Exercise requirements: Begin at the first line of the records below and, please, give each line again exactly until the line with "cmp C f (idm" is included.

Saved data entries
-*-*-

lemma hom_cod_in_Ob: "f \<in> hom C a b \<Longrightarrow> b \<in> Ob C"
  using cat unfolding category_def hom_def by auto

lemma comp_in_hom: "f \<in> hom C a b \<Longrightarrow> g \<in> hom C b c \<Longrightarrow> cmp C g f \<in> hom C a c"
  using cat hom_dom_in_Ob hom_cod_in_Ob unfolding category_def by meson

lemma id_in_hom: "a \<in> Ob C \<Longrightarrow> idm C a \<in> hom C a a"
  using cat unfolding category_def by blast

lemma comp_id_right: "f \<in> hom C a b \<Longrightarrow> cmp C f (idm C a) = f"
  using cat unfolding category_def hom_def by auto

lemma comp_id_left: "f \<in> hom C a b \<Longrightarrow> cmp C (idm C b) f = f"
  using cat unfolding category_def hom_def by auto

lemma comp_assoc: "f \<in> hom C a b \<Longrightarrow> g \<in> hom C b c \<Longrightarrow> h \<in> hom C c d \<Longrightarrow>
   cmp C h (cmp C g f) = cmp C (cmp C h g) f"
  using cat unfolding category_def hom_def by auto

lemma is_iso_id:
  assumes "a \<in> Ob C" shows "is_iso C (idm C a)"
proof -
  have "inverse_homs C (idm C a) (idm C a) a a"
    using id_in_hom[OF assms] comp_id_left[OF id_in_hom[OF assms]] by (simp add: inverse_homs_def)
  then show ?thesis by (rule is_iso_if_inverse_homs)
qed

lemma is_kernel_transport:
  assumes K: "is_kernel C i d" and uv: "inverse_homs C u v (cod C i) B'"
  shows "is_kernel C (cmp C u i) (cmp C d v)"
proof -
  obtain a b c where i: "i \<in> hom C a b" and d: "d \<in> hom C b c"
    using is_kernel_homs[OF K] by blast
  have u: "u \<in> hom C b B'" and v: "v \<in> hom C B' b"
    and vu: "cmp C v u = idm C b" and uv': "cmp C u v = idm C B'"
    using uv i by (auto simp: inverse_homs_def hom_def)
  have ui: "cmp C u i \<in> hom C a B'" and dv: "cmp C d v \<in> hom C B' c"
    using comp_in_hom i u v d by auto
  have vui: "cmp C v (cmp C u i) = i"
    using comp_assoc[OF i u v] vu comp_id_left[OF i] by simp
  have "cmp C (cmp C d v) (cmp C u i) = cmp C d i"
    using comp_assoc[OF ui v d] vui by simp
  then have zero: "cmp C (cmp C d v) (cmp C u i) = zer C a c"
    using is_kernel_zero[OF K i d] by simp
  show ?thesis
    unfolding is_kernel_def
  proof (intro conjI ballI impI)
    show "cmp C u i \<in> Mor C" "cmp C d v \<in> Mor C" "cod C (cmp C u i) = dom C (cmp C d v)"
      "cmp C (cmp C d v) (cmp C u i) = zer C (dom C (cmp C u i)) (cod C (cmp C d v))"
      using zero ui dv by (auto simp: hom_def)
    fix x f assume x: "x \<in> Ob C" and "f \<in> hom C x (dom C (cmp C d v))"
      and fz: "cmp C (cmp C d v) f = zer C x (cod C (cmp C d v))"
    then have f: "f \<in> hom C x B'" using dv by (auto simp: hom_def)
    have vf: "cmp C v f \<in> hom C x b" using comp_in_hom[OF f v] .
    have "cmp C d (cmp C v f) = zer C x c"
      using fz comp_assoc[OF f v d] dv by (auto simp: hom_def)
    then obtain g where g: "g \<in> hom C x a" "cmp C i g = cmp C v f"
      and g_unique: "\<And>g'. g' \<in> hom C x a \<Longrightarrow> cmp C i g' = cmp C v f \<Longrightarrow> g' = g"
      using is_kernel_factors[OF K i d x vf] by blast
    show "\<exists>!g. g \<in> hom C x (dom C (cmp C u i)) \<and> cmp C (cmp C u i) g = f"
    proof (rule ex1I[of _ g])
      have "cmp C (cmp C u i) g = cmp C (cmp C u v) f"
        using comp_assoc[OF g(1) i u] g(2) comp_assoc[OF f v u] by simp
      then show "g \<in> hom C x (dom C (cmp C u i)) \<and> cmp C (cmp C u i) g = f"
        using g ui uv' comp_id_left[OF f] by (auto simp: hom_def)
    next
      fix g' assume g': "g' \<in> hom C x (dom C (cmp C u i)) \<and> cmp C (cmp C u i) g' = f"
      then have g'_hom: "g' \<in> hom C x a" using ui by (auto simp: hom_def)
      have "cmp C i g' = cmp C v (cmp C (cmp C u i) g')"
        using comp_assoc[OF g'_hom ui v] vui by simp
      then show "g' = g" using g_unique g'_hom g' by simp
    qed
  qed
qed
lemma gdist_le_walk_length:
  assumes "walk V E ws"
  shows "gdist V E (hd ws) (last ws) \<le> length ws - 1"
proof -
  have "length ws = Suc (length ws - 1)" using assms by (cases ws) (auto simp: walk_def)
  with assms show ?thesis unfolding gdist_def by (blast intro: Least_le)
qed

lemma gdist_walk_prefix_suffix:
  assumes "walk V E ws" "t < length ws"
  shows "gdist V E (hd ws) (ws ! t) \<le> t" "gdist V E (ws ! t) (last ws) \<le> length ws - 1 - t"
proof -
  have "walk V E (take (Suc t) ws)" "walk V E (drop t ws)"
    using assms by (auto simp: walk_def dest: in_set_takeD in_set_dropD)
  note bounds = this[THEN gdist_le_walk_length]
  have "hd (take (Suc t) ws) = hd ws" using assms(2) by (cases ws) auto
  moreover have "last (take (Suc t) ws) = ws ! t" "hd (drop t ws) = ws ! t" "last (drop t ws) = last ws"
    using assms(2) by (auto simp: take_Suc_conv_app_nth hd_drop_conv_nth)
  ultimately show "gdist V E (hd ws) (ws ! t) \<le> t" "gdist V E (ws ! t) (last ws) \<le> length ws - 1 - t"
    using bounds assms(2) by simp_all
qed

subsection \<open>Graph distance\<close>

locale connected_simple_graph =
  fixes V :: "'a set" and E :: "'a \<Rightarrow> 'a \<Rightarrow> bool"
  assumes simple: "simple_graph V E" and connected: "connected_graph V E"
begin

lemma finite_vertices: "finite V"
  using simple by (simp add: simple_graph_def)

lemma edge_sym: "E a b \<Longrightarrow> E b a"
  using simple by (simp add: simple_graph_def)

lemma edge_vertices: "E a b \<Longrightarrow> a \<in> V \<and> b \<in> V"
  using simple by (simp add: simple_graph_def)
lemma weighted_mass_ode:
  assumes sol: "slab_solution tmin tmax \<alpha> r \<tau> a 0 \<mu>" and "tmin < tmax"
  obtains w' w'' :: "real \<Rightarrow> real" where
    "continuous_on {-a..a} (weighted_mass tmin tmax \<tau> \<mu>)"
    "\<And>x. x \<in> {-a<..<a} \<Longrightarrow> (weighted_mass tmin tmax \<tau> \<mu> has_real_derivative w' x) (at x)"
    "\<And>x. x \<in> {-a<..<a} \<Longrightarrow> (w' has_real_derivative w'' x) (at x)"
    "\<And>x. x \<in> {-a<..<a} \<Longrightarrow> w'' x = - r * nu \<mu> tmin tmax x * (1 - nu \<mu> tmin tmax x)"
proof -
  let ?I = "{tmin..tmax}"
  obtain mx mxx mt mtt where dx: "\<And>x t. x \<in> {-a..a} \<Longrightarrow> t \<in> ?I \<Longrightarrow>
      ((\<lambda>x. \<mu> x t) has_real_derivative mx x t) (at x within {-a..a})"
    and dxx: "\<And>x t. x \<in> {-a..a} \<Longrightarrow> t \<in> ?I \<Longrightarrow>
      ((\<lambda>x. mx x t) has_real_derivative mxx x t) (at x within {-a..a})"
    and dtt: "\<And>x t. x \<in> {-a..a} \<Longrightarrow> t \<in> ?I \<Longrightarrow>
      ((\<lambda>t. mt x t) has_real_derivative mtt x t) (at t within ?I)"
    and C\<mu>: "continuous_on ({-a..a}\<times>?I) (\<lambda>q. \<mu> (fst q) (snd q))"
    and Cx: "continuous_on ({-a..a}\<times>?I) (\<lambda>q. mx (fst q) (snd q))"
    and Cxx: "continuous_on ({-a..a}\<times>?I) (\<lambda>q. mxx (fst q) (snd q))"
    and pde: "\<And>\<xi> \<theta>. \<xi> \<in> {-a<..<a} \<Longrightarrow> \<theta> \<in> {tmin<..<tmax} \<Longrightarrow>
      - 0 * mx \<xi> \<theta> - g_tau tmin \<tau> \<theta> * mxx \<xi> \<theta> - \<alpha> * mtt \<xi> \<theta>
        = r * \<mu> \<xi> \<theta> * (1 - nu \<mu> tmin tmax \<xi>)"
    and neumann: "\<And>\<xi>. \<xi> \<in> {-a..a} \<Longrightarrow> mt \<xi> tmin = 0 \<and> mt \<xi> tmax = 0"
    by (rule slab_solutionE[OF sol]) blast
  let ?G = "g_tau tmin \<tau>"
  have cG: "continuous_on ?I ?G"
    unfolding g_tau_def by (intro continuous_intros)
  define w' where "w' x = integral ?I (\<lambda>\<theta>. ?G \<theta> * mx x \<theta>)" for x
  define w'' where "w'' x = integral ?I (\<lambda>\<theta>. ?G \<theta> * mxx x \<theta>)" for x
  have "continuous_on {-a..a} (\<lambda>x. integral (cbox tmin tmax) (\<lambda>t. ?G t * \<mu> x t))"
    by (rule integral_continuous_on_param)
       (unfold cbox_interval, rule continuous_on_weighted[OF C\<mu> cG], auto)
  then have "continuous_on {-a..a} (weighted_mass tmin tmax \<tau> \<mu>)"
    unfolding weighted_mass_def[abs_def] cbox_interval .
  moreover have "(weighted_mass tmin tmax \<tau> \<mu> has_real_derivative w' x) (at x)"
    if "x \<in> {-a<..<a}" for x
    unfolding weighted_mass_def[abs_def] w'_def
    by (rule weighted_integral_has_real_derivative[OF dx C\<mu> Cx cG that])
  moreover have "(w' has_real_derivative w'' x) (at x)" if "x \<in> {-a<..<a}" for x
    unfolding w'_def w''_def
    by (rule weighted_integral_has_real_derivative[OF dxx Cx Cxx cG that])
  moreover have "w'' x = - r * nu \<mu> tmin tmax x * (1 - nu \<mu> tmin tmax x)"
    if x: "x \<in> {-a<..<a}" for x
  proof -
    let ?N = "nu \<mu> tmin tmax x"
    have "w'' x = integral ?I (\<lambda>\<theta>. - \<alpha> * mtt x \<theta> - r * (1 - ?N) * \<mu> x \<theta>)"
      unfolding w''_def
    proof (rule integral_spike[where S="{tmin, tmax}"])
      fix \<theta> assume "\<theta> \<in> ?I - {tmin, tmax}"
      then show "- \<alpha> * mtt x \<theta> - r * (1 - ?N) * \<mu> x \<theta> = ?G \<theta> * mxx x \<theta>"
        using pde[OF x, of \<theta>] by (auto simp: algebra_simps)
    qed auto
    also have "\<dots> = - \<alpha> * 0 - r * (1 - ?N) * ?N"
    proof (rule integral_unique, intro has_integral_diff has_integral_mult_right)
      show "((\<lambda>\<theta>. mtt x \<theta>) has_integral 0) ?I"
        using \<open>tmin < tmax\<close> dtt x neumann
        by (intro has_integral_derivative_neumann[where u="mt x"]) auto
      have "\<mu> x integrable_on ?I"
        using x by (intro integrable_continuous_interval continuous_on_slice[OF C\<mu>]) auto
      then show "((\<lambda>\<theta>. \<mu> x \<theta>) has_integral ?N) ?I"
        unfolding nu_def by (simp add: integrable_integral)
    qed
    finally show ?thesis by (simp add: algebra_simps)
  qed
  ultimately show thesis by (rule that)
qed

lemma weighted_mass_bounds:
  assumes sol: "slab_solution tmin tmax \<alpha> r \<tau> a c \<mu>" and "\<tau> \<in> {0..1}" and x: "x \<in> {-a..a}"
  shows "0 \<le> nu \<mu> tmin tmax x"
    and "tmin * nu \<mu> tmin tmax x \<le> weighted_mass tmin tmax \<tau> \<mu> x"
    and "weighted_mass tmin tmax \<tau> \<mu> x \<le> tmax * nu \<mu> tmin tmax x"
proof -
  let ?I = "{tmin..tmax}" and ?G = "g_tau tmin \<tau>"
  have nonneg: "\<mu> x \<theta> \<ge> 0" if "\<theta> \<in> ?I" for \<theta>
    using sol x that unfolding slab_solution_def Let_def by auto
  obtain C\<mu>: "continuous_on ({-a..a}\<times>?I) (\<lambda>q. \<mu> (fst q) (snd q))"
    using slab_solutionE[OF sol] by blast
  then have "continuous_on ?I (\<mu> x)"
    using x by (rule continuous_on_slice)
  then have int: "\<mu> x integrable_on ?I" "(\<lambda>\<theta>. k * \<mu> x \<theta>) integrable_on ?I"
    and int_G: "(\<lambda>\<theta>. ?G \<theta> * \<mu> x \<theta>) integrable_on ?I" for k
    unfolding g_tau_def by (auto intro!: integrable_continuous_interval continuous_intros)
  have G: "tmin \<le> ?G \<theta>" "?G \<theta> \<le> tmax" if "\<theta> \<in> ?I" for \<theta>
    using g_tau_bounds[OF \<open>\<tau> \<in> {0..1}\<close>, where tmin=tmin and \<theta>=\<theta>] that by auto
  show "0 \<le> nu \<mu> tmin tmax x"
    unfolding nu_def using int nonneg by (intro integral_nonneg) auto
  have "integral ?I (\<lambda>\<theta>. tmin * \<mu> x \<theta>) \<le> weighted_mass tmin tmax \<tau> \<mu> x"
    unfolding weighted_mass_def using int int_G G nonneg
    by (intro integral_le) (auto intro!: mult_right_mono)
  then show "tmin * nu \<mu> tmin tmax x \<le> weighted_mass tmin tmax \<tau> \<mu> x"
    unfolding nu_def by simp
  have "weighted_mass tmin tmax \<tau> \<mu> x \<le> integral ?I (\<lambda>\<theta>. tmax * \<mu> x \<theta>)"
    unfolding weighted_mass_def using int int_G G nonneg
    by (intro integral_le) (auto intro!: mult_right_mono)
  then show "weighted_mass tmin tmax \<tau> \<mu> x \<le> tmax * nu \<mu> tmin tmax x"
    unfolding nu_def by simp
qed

-*-*-

Task output:
lemma hom_cod_in_Ob: "f \<in> hom C a b \<Longrightarrow> b \<in> Ob C"
  using cat unfolding category_def hom_def by auto

lemma comp_in_hom: "f \<in> hom C a b \<Longrightarrow> g \<in> hom C b c \<Longrightarrow> cmp C g f \<in> hom C a c"
  using cat hom_dom_in_Ob hom_cod_in_Ob unfolding category_def by meson

lemma id_in_hom: "a \<in> Ob C \<Longrightarrow> idm C a \<in> hom C a a"
  using cat unfolding category_def by blast

lemma comp_id_right: "f \<in> hom C a b \<Longrightarrow> cmp C f (idm C a) = f"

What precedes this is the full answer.